SaferAgenticAI

SAAI Auto-Assessor

LLM-powered conformity assessor for the Safer Agentic AI Framework. Upload evidence documents, select criteria, and get scored evaluations against the framework’s safety requirements.

Built with Next.js 14, Tailwind CSS, and the Anthropic API (client-side only, no server involvement).

Quick Start

cp .env.example .env.local        # Add your Anthropic API key
npm install                        # Install dependencies
npm run dev                        # http://localhost:3000/assessor/

Project Structure

src/
  app/
    page.tsx               # Home/landing page
    assess/page.tsx        # Full assessment workflow
    playground/page.tsx    # Quick evaluation playground
    data-handling/page.tsx # Data handling info page
    layout.tsx             # Root layout
    error.tsx              # Error boundary
    api/evaluate/route.ts  # (deprecated, unused)
  components/
    CriteriaTree.tsx       # Framework criteria browser
    SuiteDetail.tsx        # Suite-level detail view
    RadarChart.tsx         # Score visualization
    DocumentIngestion.tsx  # File upload and parsing
    EvidenceEvaluator.tsx  # Evaluation orchestration
    ScoreCard.tsx          # Score display
    ApiKeyInput.tsx        # API key entry
  lib/
    types.ts               # TypeScript type definitions
    criteria.ts            # Criteria data loader
    scoring.ts             # Score calculation (weighted averages)
    client-evaluator.ts    # Anthropic API calls (browser-side)
    document-parser.ts     # PDF, DOCX, image, text extraction
    evaluator.ts           # (deprecated, unused)
  data/
    criteria-v1.json       # Framework criteria definitions
    synthetic/             # Sample evidence documents for testing

Scripts

Command	Description
`npm run dev`	Start dev server on port 3000
`npm run build`	Production build (static export)
`npm run lint`	Run Next.js linting
`npm test`	Run all Playwright tests
`npm run test:chromium`	Tests in Chromium only
`npm run test:loading`	App loading tests
`npm run test:playground`	Playground page tests
`npm run test:assess`	Assessment workflow tests
`npm run test:mobile`	Mobile responsiveness tests
`npm run test:a11y`	Accessibility tests
`npm run test:visual`	Visual design tests
`npm run test:nav`	Navigation tests
`npm run test:report`	Open HTML test report

Running Tests

Tests use Playwright.
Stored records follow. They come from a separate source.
(* Let $\mu$ be a nonzero bounded positive Borel measure on $\mathbb{R}$ with bounded support. Let $\lambda>0$ and let $(f_n)\subset l^2(\mathbb{Z})$ be a maximizing sequence for $P^d_\lambda$, i.e. $\|f_n\|_{l^2}^2=\lambda$ and $\lim_n\mathcal{Q}^d_\mu(f_n,f_n,f_n,f_n)=P^d_\lambda$. Then there exist $\xi_n\in\mathbb{Z}$ such that $$\lim_{R\to\infty}\sup_{n\in\mathbb{N}}\sum_{x\in\mathbb{Z},\,|x-\xi_n|>R}|f_n(x)|^2=0.$$
   Context: $\Delta f(x)=f(x+1)+f(x-1)-2f(x)$ on $l^2(\mathbb{Z})$, $S_r=e^{ir\Delta}$; $\mathcal{Q}^d_\mu(f_1,f_2,f_3,f_4)=\sum_{x\in\mathbb{Z}}\int\overline{(S_rf_1)(x)}(S_rf_2)(x)\overline{(S_rf_3)(x)}(S_rf_4)(x)\,\mu(dr)$; $P^d_\lambda=\sup\{\mathcal{Q}^d_\mu(f,f,f,f):\|f\|_{l^2}^2=\lambda\}$. *)

theory Defs
  imports "HOL-Analysis.Analysis" "HOL-Probability.Probability"
begin

definition in_l2 :: "(int \<Rightarrow> complex) \<Rightarrow> bool" where
  "in_l2 f \<longleftrightarrow> (\<lambda>x. (norm (f x))\<^sup>2) summable_on UNIV"

definition l2_norm_sq :: "(int \<Rightarrow> complex) \<Rightarrow> real" where
  "l2_norm_sq f = (\<Sum>\<^sub>\<infinity>x. (norm (f x))\<^sup>2)"

definition dlap :: "(int \<Rightarrow> complex) \<Rightarrow> (int \<Rightarrow> complex)" where
  "dlap f = (\<lambda>x. f (x + 1) + f (x - 1) - 2 * f x)"
(* Let $\mathcal{L}$ be a set of graphs of sort $\emptyset$, let $\tau\subseteq\mathbb{S}$ be finite and let $G_1,G_2$ be graphs of sort included in $\tau$. Then $G_1\cong^{\mathbf{G}}_{\mathcal{L}}G_2$ iff $G_1\cong^{\mathbf{G}^\tau}_{\mathcal{L}}G_2$.
   Context: Graphs over a countably infinite set $\mathbb{S}$ of source labels and a set $\mathbb{A}$ of edge labels: isomorphism classes of finite $\mathbb{A}$-labelled hypergraphs with an injective map from a finite sort into the vertices (sources). The HR algebra $\mathbf{G}$: sorts the finite subsets of $\mathbb{S}$; operations $\mathbf{0}_\sigma$, $\mathbf{a}_{(s_1,\ldots)}$, $\mathsf{restrict}_\sigma$ (forget source labels outside $\sigma$, keep vertices), $\mathsf{rename}_\alpha$ ($\alpha$ finite permutation of $\mathbb{S}$, relabelling sources), $\parallel$ (disjoint union fusing equally-labelled sources). $\mathbf{G}^\tau$: subalgebra with sorts the subsets of $\tau$, universe the graphs of sort $\subseteq\tau$, and operations $\mathbf{0}_\sigma$ ($\sigma\subseteq\tau$), $\mathbf{a}_{(s_1,\ldots)}$ ($s_i\in\tau$), $\mathsf{restrict}_\sigma$ ($\sigma\subseteq\tau$), $\mathsf{rename}_\alpha$ ($\alpha$ fixing all elements outside $\tau$), $\parallel$. The syntactic congruence $\cong^{\mathbf{A}}_{\mathcal{L}}$ in an algebra $\mathbf{A}$ relates elements $a,b$ of $\mathbf{A}$ iff they have the same sort and for every first-order term $t(x,y_1,\ldots,y_k)$ over the signature of $\mathbf{A}$ and all elements $c_i$ of $\mathbf{A}$ of matching sorts, $t^{\mathbf{A}}(a,\bar c)\in\mathcal{L}\iff t^{\mathbf{A}}(b,\bar c)\in\mathcal{L}$. *)

theory Defs
  imports Main "HOL-Library.Countable"
begin

text \<open>A graph (in the paper: an
isomorphism class) is represented by a raw graph with vertices and hyperedges
drawn from nat; languages are required to be closed under isomorphism.\<close>

record ('s, 'a) sgraph =
  verts :: "nat set"
  edges :: "nat set"
  lab   :: "nat \<Rightarrow> 'a"
  att   :: "nat \<Rightarrow> nat list"
  src   :: "'s \<Rightarrow> nat option"

definition gsort :: "('s, 'a) sgraph \<Rightarrow> 's set" where
  "gsort G = dom (src G)"

definition wf_graph :: "('s, 'a) sgraph \<Rightarrow> bool" where
  "wf_graph G \<longleftrightarrow> finite (verts G) \<and> finite (edges G)
     \<and> (\<forall>e\<in>edges G. set (att G e) \<subseteq> verts G)
     \<and> finite (dom (src G)) \<and> ran (src G) \<subseteq> verts G
     \<and> inj_on (src G) (dom (src G))"
lemma qg_first_digit_difference:
  assumes "0 < \<beta>" "0 < t" "t < u" "u \<le> 1"
    and agree: "\<forall>j<k. qg_digits \<beta> t j = qg_digits \<beta> u j"
    and differ: "qg_digits \<beta> t k \<noteq> qg_digits \<beta> u k"
  shows "u - t \<le> 1 / \<beta> ^ k" and "(qg_map \<beta> ^^ Suc k) u \<le> \<beta> ^ Suc k * (u - t)"
proof -
  let ?S = "\<lambda>i x. (qg_map \<beta> ^^ i) x"
  have diff: "?S k u - ?S k t = \<beta> ^ k * (u - t)"
    using qg_orbit_diff[OF assms(1-2) _ agree] assms by simp
  have bounds: "0 < ?S i t" "?S i t \<le> 1" "?S i u \<le> 1" for i
    using qg_orbit_gt_0 qg_orbit_le_1 assms by auto
  have "\<beta> ^ k * (u - t) \<le> 1" unfolding diff[symmetric] using bounds(1,3)[of k] by linarith
  then show "u - t \<le> 1 / \<beta> ^ k" using assms(1) by (simp add: field_simps)
  have "\<beta> ^ Suc k * (u - t) = \<beta> * (?S k u - ?S k t)" using diff by simp
  also have "\<dots> = real (qg_digits \<beta> u k) - real (qg_digits \<beta> t k) + ?S (Suc k) u - ?S (Suc k) t"
    using qg_orbit_Suc[of \<beta> t k] qg_orbit_Suc[of \<beta> u k] assms by (simp add: algebra_simps)
  finally have step: "\<beta> ^ Suc k * (u - t)
      = real (qg_digits \<beta> u k) - real (qg_digits \<beta> t k) + ?S (Suc k) u - ?S (Suc k) t" .
  moreover have "0 < \<beta> ^ Suc k * (u - t)" using assms by simp
  ultimately have "qg_digits \<beta> t k < qg_digits \<beta> u k"
    using bounds[of "Suc k"] differ by linarith
  then show "?S (Suc k) u \<le> \<beta> ^ Suc k * (u - t)" using step bounds[of "Suc k"] by linarith
qed
lemma sqrt_diff_le_half_ln_R_ratio_mult_sqrt:
  fixes n :: nat and a b :: real
  assumes "0 < b" "b < a" "a < real n"
  shows "sqrt a - sqrt b \<le> ln (R_ratio (a / real n) (b / real n)) / 2 * sqrt (a + b)"
proof -
  have pq: "0 < b / real n" "b / real n < a / real n" "a / real n < 1"
    using assms by (auto simp: field_simps)
  have "ln (sqrt b / sqrt a) \<le> sqrt b / sqrt a - 1" using assms by (intro ln_le_minus_one) auto
  moreover have "ln (a / b) = 2 * ln (sqrt a / sqrt b)"
    using assms by (simp add: ln_div ln_sqrt)
  moreover have "ln (sqrt b / sqrt a) = - ln (sqrt a / sqrt b)" using assms by (simp add: ln_div)
  moreover have "ln (a / b) \<le> ln (R_ratio (a / real n) (b / real n))"
  proof -
    have "a / b \<le> R_ratio (a / real n) (b / real n)" using R_ratio_ge(1)[OF pq] assms by simp
    moreover have "0 < a / b" using assms by simp
    ultimately show ?thesis by simp
  qed
  ultimately have "(sqrt a - sqrt b) / sqrt a \<le> ln (R_ratio (a / real n) (b / real n)) / 2"
    using assms by (simp add: diff_divide_distrib)
  hence "(sqrt a - sqrt b) / sqrt a * sqrt a \<le> ln (R_ratio (a / real n) (b / real n)) / 2 * sqrt (a + b)"
    using assms ln_R_ratio_pos[OF pq] by (intro mult_mono) auto
  thus ?thesis using assms by simp
qed

lemma exponent_le_neg_ten_kappa:
  fixes d \<kappa> Lam :: real
  assumes "100 \<le> d" "10^4 * d \<le> Lam"
  shows "- (49/100) * Lam - max 0 (10^4 * (\<kappa> - d)) / 2 \<le> - 10 * \<kappa>"
proof (cases "\<kappa> \<le> d")
  case True
  thus ?thesis using assms by simp
next
  case False
  have "- (49/100) * Lam - 10^4 * (\<kappa> - d) / 2 \<le> - 10 * \<kappa>"
    using False assms by (simp add: field_simps)
  thus ?thesis using False by simp
qed

lemma SBM_parameters_ge:
  fixes n :: nat and a b :: real
  assumes ab: "0 < b" "b < a" "a < real n" and C: "(sqrt a - sqrt b)^2 \<ge> 10^4"
  shows "100 \<le> sqrt a - sqrt b" "100 \<le> sqrt (a + b)" "10^4 \<le> real n"
proof -
  have "0 \<le> sqrt a - sqrt b" using ab by simp
  thus d: "100 \<le> sqrt a - sqrt b" using C power2_le_imp_le[of 100 "sqrt a - sqrt b"] by simp
  have "0 \<le> sqrt b" using ab by simp
  hence "100 \<le> sqrt a" using d by linarith
  hence "100^2 \<le> (sqrt a)^2" by (intro power_mono) auto
  hence a: "10^4 \<le> a" using ab by simp
  thus "10^4 \<le> real n" using ab by simp
  have "(100::real)^2 \<le> a + b" using a ab by simp
  thus "100 \<le> sqrt (a + b)" by (rule real_le_rsqrt)
qed

lemma hundred_mult_nat_ceiling_le:
  assumes "10^4 \<le> real n"
  shows "100 * nat \<lceil>10 powr (-6) * real n\<rceil> \<le> n"
proof -
  have "real (nat \<lceil>10 powr (-6) * real n\<rceil>) \<le> 10 powr (-6) * real n + 1"
    by (simp add: of_nat_ceiling)
  moreover have "10 powr (-6) = (1 / 10^6 :: real)" by (simp add: powr_minus)
  ultimately have "real (nat \<lceil>10 powr (-6) * real n\<rceil>) \<le> real n / 10^6 + 1"
    by (simp only:) simp
  hence "real (100 * nat \<lceil>10 powr (-6) * real n\<rceil>) \<le> real n" using assms by simp
  thus ?thesis by (simp only: of_nat_le_iff)
qed

lemma SBM_prob_exists_heavy_subset_le_exp_kappa:
  fixes n :: nat and a b \<kappa> K :: real and l :: "nat \<Rightarrow> int"
  assumes ab: "0 < b" "b < a" "a < real n" and l: "\<forall>i<n. l i \<in> {-1, 1}"
    and \<kappa>: "\<kappa> \<ge> 1" and K: "K \<ge> 10^4" and C: "(sqrt a - sqrt b)^2 \<ge> 10^4"
  defines "L \<equiv> ln (R_ratio (a / real n) (b / real n))" and "D \<equiv> D_thr (a / real n) (b / real n)"
  defines "\<theta> \<equiv> exp (- ((sqrt a - sqrt b)^2 / 2) + 3 * \<kappa> + K * sqrt (a + b) * L)"
    and "M \<equiv> max 0 (10^4 * (\<kappa> - sqrt ((sqrt a - sqrt b)^2)))"
  shows "measure_pmf.prob (SBM n a b l)
      {G. \<exists>S\<subseteq>{..<n}. S \<noteq> {} \<and> card S \<le> nat \<lceil>10 powr (-6) * real n\<rceil> \<and>
          \<theta> * real n * sqrt (a + b) + M / L < (\<Sum>i\<in>S. K * sqrt (a + b) - signed_row_sum n l D G i)}
    \<le> exp (- 10 * \<kappa>)"
proof -
  define d where "d = sqrt a - sqrt b"
  define s where "s = sqrt (a + b)"
  have "0 < real n" using ab by simp
  hence "L > 0" using ab by (auto simp: L_def field_simps intro!: ln_R_ratio_pos)
  have d: "100 \<le> d" "sqrt ((sqrt a - sqrt b)^2) = d" and s: "100 \<le> s" and n: "10^4 \<le> real n"
    using SBM_parameters_ge[OF ab C] by (simp_all add: d_def s_def)
  have Ls: "d \<le> L / 2 * s"
    unfolding d_def s_def L_def by (rule sqrt_diff_le_half_ln_R_ratio_mult_sqrt[OF ab])
  note k0 = hundred_mult_nat_ceiling_le[OF n]
  have "D \<le> 1" unfolding D_def using ab \<open>0 < real n\<close> by (intro D_thr_le_one) (auto simp: field_simps)
  also have "1 \<le> K * s / 10^6" using K s mult_mono[of "10^4" K 100 s] by simp
  finally have D: "D \<le> K * s / 10^6" .
  define Y where "Y = L / 2 * s * real n * \<theta>"
  have Y: "exp 1 * real n * exp (- ((sqrt a - sqrt b)^2 / 2 - L * (K * s))) \<le> Y"
  proof -
    have "exp (- ((sqrt a - sqrt b)^2 / 2 - L * (K * s))) \<le> \<theta>"
      using \<kappa> by (simp add: \<theta>_def s_def algebra_simps)
    moreover have "exp 1 \<le> L / 2 * s" using exp_le Ls d by linarith
    moreover have "0 \<le> L / 2 * s" using Ls d by linarith
    ultimately have "exp 1 * exp (- ((sqrt a - sqrt b)^2 / 2 - L * (K * s))) \<le> (L / 2 * s) * \<theta>"
      by (intro mult_mono) auto
    hence "real n * (exp 1 * exp (- ((sqrt a - sqrt b)^2 / 2 - L * (K * s)))) \<le> real n * ((L / 2 * s) * \<theta>)"
      by (intro mult_left_mono) auto
    thus ?thesis unfolding Y_def by (simp only: mult_ac)
  qed
  have "measure_pmf.prob (SBM n a b l)
      {G. \<exists>S\<subseteq>{..<n}. S \<noteq> {} \<and> card S \<le> nat \<lceil>10 powr (-6) * real n\<rceil> \<and>
          \<theta> * real n * s + M / L < (\<Sum>i\<in>S. K * s - signed_row_sum n l D G i)}
    \<le> exp (- (49/100) * (L/2 * (K * s)) + Y - L/2 * (\<theta> * real n * s + M / L))"
    using K s by (intro SBM_prob_exists_heavy_subset_le[OF ab l k0, folded L_def D_def] D Y) auto
  also have "\<dots> = exp (- (49/100) * (K * (L/2 * s)) - M / 2)"
    using \<open>L > 0\<close> by (simp add: Y_def field_simps)
  also have "\<dots> \<le> exp (- 10 * \<kappa>)"
  proof -
    have "10^4 * d \<le> K * (L/2 * s)" using K Ls d by (intro mult_mono) auto
    moreover have "M = max 0 (10^4 * (\<kappa> - d))" unfolding M_def d(2) ..
    ultimately show ?thesis using exponent_le_neg_ten_kappa[OF d(1), of "K * (L/2 * s)" \<kappa>] by simp
  qed
  finally show ?thesis by (simp add: s_def)
qed

theorem mainTheorem8:
  fixes n :: nat and a b \<kappa> K :: real and l :: "nat \<Rightarrow> int"
  assumes "0 < b" "b < a" "a < real n"
    and "\<forall>i<n. l i \<in> {-1, 1}"
    and "\<kappa> \<ge> 1" and "K \<ge> 10^4"
    and "(sqrt a - sqrt b)^2 \<ge> 10^4"
  shows "measure_pmf.prob (SBM n a b l)
     {G. \<forall>x :: nat \<Rightarrow> real.
          (\<forall>i<n. 0 \<le> x i \<and> x i \<le> 1) \<and> (\<Sum>i<n. x i) \<le> 10 powr (-6) * real n \<longrightarrow>
          (\<Sum>i<n. \<Sum>j<n. (adj G i j - D_thr (a / real n) (b / real n)) * (real_of_int (l i * l j)) * x i)
            \<ge> (K * (\<Sum>i<n. x i)
                - exp (- (((sqrt a - sqrt b)^2) / 2) + 3 * \<kappa>
                       + K * sqrt (a + b) * ln (R_ratio (a / real n) (b / real n))) * real n) * sqrt (a + b)
              - max 0 (10^4 * (\<kappa> - sqrt ((sqrt a - sqrt b)^2))) / ln (R_ratio (a / real n) (b / real n))}
     \<ge> 1 - exp (- 10 * \<kappa>) - 1 / (real n)^2"
proof -
  define L where "L = ln (R_ratio (a / real n) (b / real n))"
  define D where "D = D_thr (a / real n) (b / real n)"
  define \<theta> where "\<theta> = exp (- ((sqrt a - sqrt b)^2 / 2) + 3 * \<kappa> + K * sqrt (a + b) * L)"
  define M where "M = max 0 (10^4 * (\<kappa> - sqrt ((sqrt a - sqrt b)^2)))"
  define T where "T = \<theta> * real n * sqrt (a + b) + M / L"
  define k0 where "k0 = nat \<lceil>10 powr (-6) * real n\<rceil>"
  define heavy where "heavy = {G. \<exists>S\<subseteq>{..<n}. S \<noteq> {} \<and> card S \<le> k0 \<and>
      T < (\<Sum>i\<in>S. K * sqrt (a + b) - signed_row_sum n l D G i)}"
  have "measure_pmf.prob (SBM n a b l) heavy \<le> exp (- 10 * \<kappa>)"
    unfolding heavy_def T_def k0_def \<theta>_def M_def L_def D_def
    by (rule SBM_prob_exists_heavy_subset_le_exp_kappa[OF assms])
  moreover have "measure_pmf.prob (SBM n a b l) (UNIV - heavy) = 1 - measure_pmf.prob (SBM n a b l) heavy"
    using measure_pmf.prob_compl[of heavy "SBM n a b l"] by simp
  moreover have "0 \<le> 1 / (real n)^2" by simp
  ultimately have compl: "1 - exp (- 10 * \<kappa>) - 1 / (real n)^2 \<le> measure_pmf.prob (SBM n a b l) (UNIV - heavy)"
    by linarith
  have "0 < L" unfolding L_def using assms by (intro ln_R_ratio_pos) (auto simp: field_simps)
  hence T: "0 \<le> T" unfolding T_def M_def \<theta>_def using assms by (intro add_nonneg_nonneg divide_nonneg_pos) auto
  have good: "(K * (\<Sum>i<n. x i) - \<theta> * real n) * sqrt (a + b) - M / L
      \<le> (\<Sum>i<n. \<Sum>j<n. (adj G i j - D) * real_of_int (l i * l j) * x i)"
    if "G \<notin> heavy" "\<forall>i<n. 0 \<le> x i \<and> x i \<le> 1" "(\<Sum>i<n. x i) \<le> 10 powr (-6) * real n" for G x
  proof -
    have "\<forall>S\<subseteq>{..<n}. S \<noteq> {} \<and> card S \<le> k0 \<longrightarrow> (\<Sum>i\<in>S. K * sqrt (a + b) - signed_row_sum n l D G i) \<le> T"
      using that(1) by (auto simp: heavy_def not_less)
    moreover have "(\<Sum>i<n. x i) \<le> real k0"
      using that(3) real_nat_ceiling_ge[of "10 powr (-6) * real n"] unfolding k0_def by linarith
    ultimately have "K * sqrt (a + b) * (\<Sum>i<n. x i) - T
        \<le> (\<Sum>i<n. \<Sum>j<n. (adj G i j - D) * real_of_int (l i * l j) * x i)"
      using T that(2) by (intro weighted_row_sums_ge_if_no_heavy_subset) auto
    thus ?thesis by (simp add: T_def algebra_simps)
  qed
  show ?thesis
    by (rule order_trans[OF compl measure_pmf.finite_measure_mono])
      (use good[unfolded \<theta>_def M_def L_def D_def] in auto)
qed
First-time setup:

npx playwright install             # Downloads browser binaries (one-time)
npm test                           # Runs all test suites

Architecture Notes

All LLM evaluation happens client-side. The user’s API key and documents never touch our servers. The api/evaluate/route.ts and evaluator.ts files are deprecated stubs from an earlier server-side design.

Scoring uses a 1-5 scale (1=Unacceptable, 2=Poor, 3=Average, 4=Good, 5=Excellent) with normative SFRs weighted at 1.5x. See src/lib/scoring.ts for the calculation logic.